Retry and fallback configuration
The AI Gateway load balancer offers several configuration options to fine-tune request retries, timeouts, and failover behavior:
Setting |
Description |
---|---|
retries
|
Defines how many times to retry a failed request before reporting failure to the client. Increase for better resilience to transient errors; decrease if you need lower latency and faster failure. |
failover_criteria
|
Specifies which types of failures (e.g., http_429 , http_500 ) should trigger a failover to a different target.
Customize based on your tolerance for specific errors and desired failover behavior.
|
connect_timeout
|
Sets the maximum time allowed to establish a TCP connection with a target. Lower it for faster detection of unreachable servers; raise it if some servers may respond slowly under load. |
read_timeout
|
Defines the maximum time to wait for a server response after sending a request. Lower it for real-time applications needing quick responses; increase it for long-running operations. |
write_timeout
|
Sets the maximum time allowed to send the request payload to the server. Increase if large request bodies are common; keep short for small, fast payloads. |
Retry and fallback scenarios
You can customize AI Gateway load balancer to fit different application needs, such as minimizing latency, enabling sticky sessions, or optimizing for cost.

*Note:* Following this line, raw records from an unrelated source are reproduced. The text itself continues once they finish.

(* Let $Q=\{q_1,\ldots,q_n\}\subset\mathbb{P}^1$ be distinct points and $\vec g=(g_1,\ldots,g_n)$ effective divisors on $[0,1)$ of common degree $r$, $g_i=\sum_\alpha m_i(\alpha)[\alpha]$, with $\sum_{i,\alpha}m_i(\alpha)\alpha\in\mathbb{Z}$. Suppose the defect is strictly positive: $\delta(\vec g)=r(n-2)-\sum_i T(g_i)>0$. Fix, for each $i$, any good arrangement $a_{i,1},\ldots,a_{i,r}$ of $g_i$. Then it is possible to choose integers $k_1,\ldots,k_r$ satisfying $k_{j+1}\geq \tau_j+k_j+2-n$ for all $j=1,\ldots,r$ (indices modulo $r$, so $k_{r+1}=k_1$) such that $\deg^{\rm par}(E)=0$, where $E=\bigoplus_{j=1}^r E^j$ and $E^j=[k_j;a_{1,j},\ldots,a_{n,j}]$.
   Context: A parabolic line bundle on $(\mathbb{P}^1,Q)$ is written $[k;a_1,\ldots,a_n]$ with $k\in\mathbb{Z}$, $a_i\in[0,1)$, meaning $\mathcal{O}(k)(a_1q_1+\cdots+a_nq_n)$ (underlying bundle $\mathcal{O}(k)$, weight $a_i$ at $q_i$); its parabolic degree is $k+\sum_i a_i$, and the parabolic degree of a direct sum is the sum. An arrangement of $g_i$ is a sequence $a_{i,1},\ldots,a_{i,r}\in[0,1)$ in which each $\alpha$ occurs exactly $m_i(\alpha)$ times. Indices are taken modulo $r$ ($a_{i,r+1}=a_{i,1}$). An arrangement is good if $\#\{t\in\{1,\ldots,r\}: a_{i,t}\geq a_{i,t+1}\}$ is minimal among all arrangements of $g_i$; this minimum is denoted $T(g_i)$. For the chosen arrangements, $\tau_j=\#\{i: a_{i,j}\geq a_{i,j+1}\}$. *)

theory Defs
  imports Complex_Main "HOL-Library.Multiset"
begin

text \<open>Weights lie in [0,1); a divisor g on [0,1) is a multiset of reals in [0,1).
  Arrangements are lists (0-indexed, cyclic).\<close>

definition is_arrangement :: "real multiset \<Rightarrow> real list \<Rightarrow> bool" where
  "is_arrangement g xs \<longleftrightarrow> mset xs = g"

definition cyc_desc :: "real list \<Rightarrow> nat" where
  "cyc_desc xs = card {t. t < length xs \<and> xs ! t \<ge> xs ! ((t + 1) mod length xs)}"

definition T_min :: "real multiset \<Rightarrow> nat" where
  "T_min g = (LEAST c. \<exists>xs. is_arrangement g xs \<and> cyc_desc xs = c)"

definition good_arrangement :: "real multiset \<Rightarrow> real list \<Rightarrow> bool" where
  "good_arrangement g xs \<longleftrightarrow> is_arrangement g xs \<and> cyc_desc xs = T_min g"

definition defect :: "nat \<Rightarrow> nat \<Rightarrow> (nat \<Rightarrow> real multiset) \<Rightarrow> int" where
  "defect n r g = int r * (int n - 2) - (\<Sum>i<n. int (T_min (g i)))"

definition tau :: "nat \<Rightarrow> nat \<Rightarrow> (nat \<Rightarrow> real list) \<Rightarrow> nat \<Rightarrow> nat" where
  "tau n r a j = card {i. i < n \<and> a i ! j \<ge> a i ! ((j + 1) mod r)}"

text \<open>Parabolic degree of the line bundle [k; w_1,...,w_n].\<close>
definition par_deg_lb :: "int \<Rightarrow> real list \<Rightarrow> real" where
  "par_deg_lb k ws = of_int k + sum_list ws"

definition par_deg_sum :: "(int \<times> real list) list \<Rightarrow> real" where
  "par_deg_sum Es = (\<Sum>E\<leftarrow>Es. par_deg_lb (fst E) (snd E))"

end

theory Submission
  imports Defs
begin

text \<open>Put \<open>c\<^sub>j = \<tau>\<^sub>j + 2 - n\<close>. Counting descents column by column gives
  \<open>\<Sum>\<^sub>j \<tau>\<^sub>j = \<Sum>\<^sub>i T(g\<^sub>i)\<close> for good arrangements, so \<open>\<Sum>\<^sub>j c\<^sub>j = -\<delta>(g) < 0\<close>. The
  constraints ask \<open>k\<close> to increase by at least \<open>c\<^sub>j\<close> from \<open>j\<close> to \<open>j + 1\<close>; the partial sums
  of \<open>c\<close>, shifted by a constant, satisfy them with slack at least 1 when wrapping around from
  \<open>r\<close> to \<open>1\<close>. Adding 1 on a final segment of the indices uses up this slack and adjusts
  \<open>\<Sum>\<^sub>j k\<^sub>j\<close> modulo \<open>r\<close>, so \<open>\<Sum>\<^sub>j k\<^sub>j\<close> can be made equal to any integer, in particular to
  minus the (integral) total weight, which makes the parabolic degree vanish.\<close>

lemma of_nat_card_less_eq_sum_indicator:
  fixes n :: nat
  shows "of_nat (card {i. i < n \<and> P i}) = (\<Sum>i<n. if P i then 1 else 0)"
proof -
  have "{i. i < n \<and> P i} = {..<n} \<inter> {i. P i}" by auto
  then show ?thesis by (simp add: sum.If_cases)
qed

lemma cyclic_increments_with_prescribed_sum:
  fixes c :: "nat \<Rightarrow> int" and N :: int
  assumes "0 < r" and "(\<Sum>j<r. c j) < 0"
  shows "\<exists>k. (\<forall>j<r. k j + c j \<le> k ((j + 1) mod r)) \<and> (\<Sum>j<r. k j) = N"
proof -
  define P where "P j = (\<Sum>l<j. c l)" for j
  define d where "d = N - (\<Sum>j<r. P j)"
  define t where "t = nat (d mod int r)"
  define K where "K = d div int r"
  have t: "t < r" "d = int r * K + int t"
    using \<open>0 < r\<close> by (simp_all add: t_def K_def nat_less_iff)
  define k where "k j = K + P j + (if r \<le> j + t then 1 else 0)" for j
  have "k j + c j \<le> k ((j + 1) mod r)" if "j < r" for j
  proof (cases "j + 1 < r")
    case True
    then show ?thesis by (simp add: k_def P_def)
  next
    case False
    then have "j = r - 1" using that by simp
    moreover have "(\<Sum>l<r. c l) = P (r - 1) + c (r - 1)"
      using \<open>0 < r\<close> unfolding P_def by (metis Suc_pred' sum.lessThan_Suc)
    ultimately show ?thesis using assms(2) t(1) by (simp add: k_def P_def)
  qed
  moreover have "(\<Sum>j<r. k j) = N"
  proof -
    have "{j. j < r \<and> r \<le> j + t} = {r - t..<r}" by auto
    then have "(\<Sum>j<r. if r \<le> j + t then 1 else 0) = int t"
      using of_nat_card_less_eq_sum_indicator[of r "\<lambda>j. r \<le> j + t", where 'a=int] t(1)
      by simp
    then show ?thesis using t(2) by (simp add: k_def sum.distrib d_def)
  qed
  ultimately show ?thesis by blast
qed

lemma sum_tau_eq_sum_cyc_desc:
  assumes "\<forall>i<n. length (a i) = r"
  shows "(\<Sum>j<r. tau n r a j) = (\<Sum>i<n. cyc_desc (a i))"
proof -
  have "(\<Sum>j<r. tau n r a j)
      = (\<Sum>j<r. \<Sum>i<n. if a i ! j \<ge> a i ! ((j + 1) mod r) then 1 else 0)"
    using of_nat_card_less_eq_sum_indicator[where 'a=nat] by (simp add: tau_def)
  also have "\<dots> = (\<Sum>i<n. \<Sum>j<r. if a i ! j \<ge> a i ! ((j + 1) mod r) then 1 else 0)"
    by (rule sum.swap)
  also have "\<dots> = (\<Sum>i<n. cyc_desc (a i))"
    using assms of_nat_card_less_eq_sum_indicator[where 'a=nat] by (simp add: cyc_desc_def)
  finally show ?thesis .
qed

lemma par_deg_sum_columns:
  assumes "\<forall>i<n. length (a i) = r"
  shows "par_deg_sum (map (\<lambda>j. (k j, map (\<lambda>i. a i ! j) [0..<n])) [0..<r])
    = of_int (\<Sum>j<r. k j) + (\<Sum>i<n. sum_list (a i))"
proof -
  have "par_deg_sum (map (\<lambda>j. (k j, map (\<lambda>i. a i ! j) [0..<n])) [0..<r])
      = (\<Sum>j<r. of_int (k j) + (\<Sum>i<n. a i ! j))"
    by (simp add: par_deg_sum_def par_deg_lb_def sum_list_sum_nth atLeast0LessThan o_def)
  also have "\<dots> = of_int (\<Sum>j<r. k j) + (\<Sum>i<n. \<Sum>j<r. a i ! j)"
    by (simp add: sum.distrib sum.swap[of _ "{..<r}"])
  also have "\<dots> = of_int (\<Sum>j<r. k j) + (\<Sum>i<n. sum_list (a i))"
    using assms by (simp add: sum_list_sum_nth atLeast0LessThan)
  finally show ?thesis .
qed

theorem theorem6p8:
  fixes n r :: nat and g :: "nat \<Rightarrow> real multiset" and a :: "nat \<Rightarrow> real list"
  assumes deg: "\<forall>i<n. size (g i) = r"
    and range: "\<forall>i<n. \<forall>x\<in>#g i. 0 \<le> x \<and> x < 1"
    and integral: "(\<Sum>i<n. \<Sum>\<^sub># (g i)) \<in> \<int>"
    and pos: "defect n r g > 0"
    and good: "\<forall>i<n. good_arrangement (g i) (a i)"
  shows "\<exists>k :: nat \<Rightarrow> int.
     (\<forall>j<r. k ((j + 1) mod r) \<ge> int (tau n r a j) + k j + 2 - int n) \<and>
     par_deg_sum (map (\<lambda>j. (k j, map (\<lambda>i. a i ! j) [0..<n])) [0..<r]) = 0"
proof (cases "r = 0")
  case True
  then show ?thesis by (simp add: par_deg_sum_def)
next
  case False
  have mset: "\<forall>i<n. mset (a i) = g i" and T: "\<forall>i<n. cyc_desc (a i) = T_min (g i)"
    using good by (simp_all add: good_arrangement_def is_arrangement_def)
  with deg have len: "\<forall>i<n. length (a i) = r" by (metis size_mset)
  have "(\<Sum>j<r. int (tau n r a j) + (2 - int n)) = int (\<Sum>j<r. tau n r a j) + int r * (2 - int n)"
    by (simp add: sum.distrib)
  also have "\<dots> = - defect n r g"
    using sum_tau_eq_sum_cyc_desc[OF len] T by (simp add: defect_def algebra_simps)
  finally have "(\<Sum>j<r. int (tau n r a j) + (2 - int n)) < 0" using pos by simp
  moreover obtain S where S: "(\<Sum>i<n. \<Sum>\<^sub># (g i)) = of_int S"
    using integral by (auto elim: Ints_cases)
  ultimately obtain k where k: "\<forall>j<r. k j + (int (tau n r a j) + (2 - int n)) \<le> k ((j + 1) mod r)"
    and sum_k: "(\<Sum>j<r. k j) = - S"
    using cyclic_increments_with_prescribed_sum[of r _ "- S"] False by blast
  have "(\<Sum>i<n. sum_list (a i)) = (\<Sum>i<n. \<Sum>\<^sub># (g i))"
    using mset by (auto intro!: sum.cong simp flip: sum_mset_sum_list)
  then show ?thesis
    using k sum_k S par_deg_sum_columns[OF len, of k] by (auto simp: algebra_simps)
qed

end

The table below maps common scenarios to key configuration options that control load balancing behavior:
Scenario |
Action |
Description |
---|---|---|
Requests must not hang longer than 3 seconds |
Adjust connect_timeout , read_timeout , write_timeout
|
Shorten these timeouts to quickly fail if a server is slow or unresponsive, ensuring faster error handling and responsiveness. |
Prioritize the lowest-latency target |
Set latency_strategy to e2e
|
Optimize routing based on full end-to-end response time, selecting the target that minimizes total latency. |
Need predictable fallback for the same user |
Use hash_on_header
|
Ensure that the same user consistently routes to the same target, enabling sticky sessions and reliable fallback behavior. |
Models have different costs |
Set tokens_count_strategy to cost
|
Route requests intelligently by considering cost, balancing model performance with budget optimization. |
Version compatibility for fallbacks
Kong Gateway version compatibility for fallbacks: v3.10+
- Full fallback support across targets, even with different API formats.
- Mix models from different providers if needed (for example, OpenAI and Mistral).
Pre-v3.10:
- Fallbacks only allowed between targets using the same API format.
- Example: OpenAI-to-OpenAI fallback is supported; OpenAI-to-OLLAMA is not.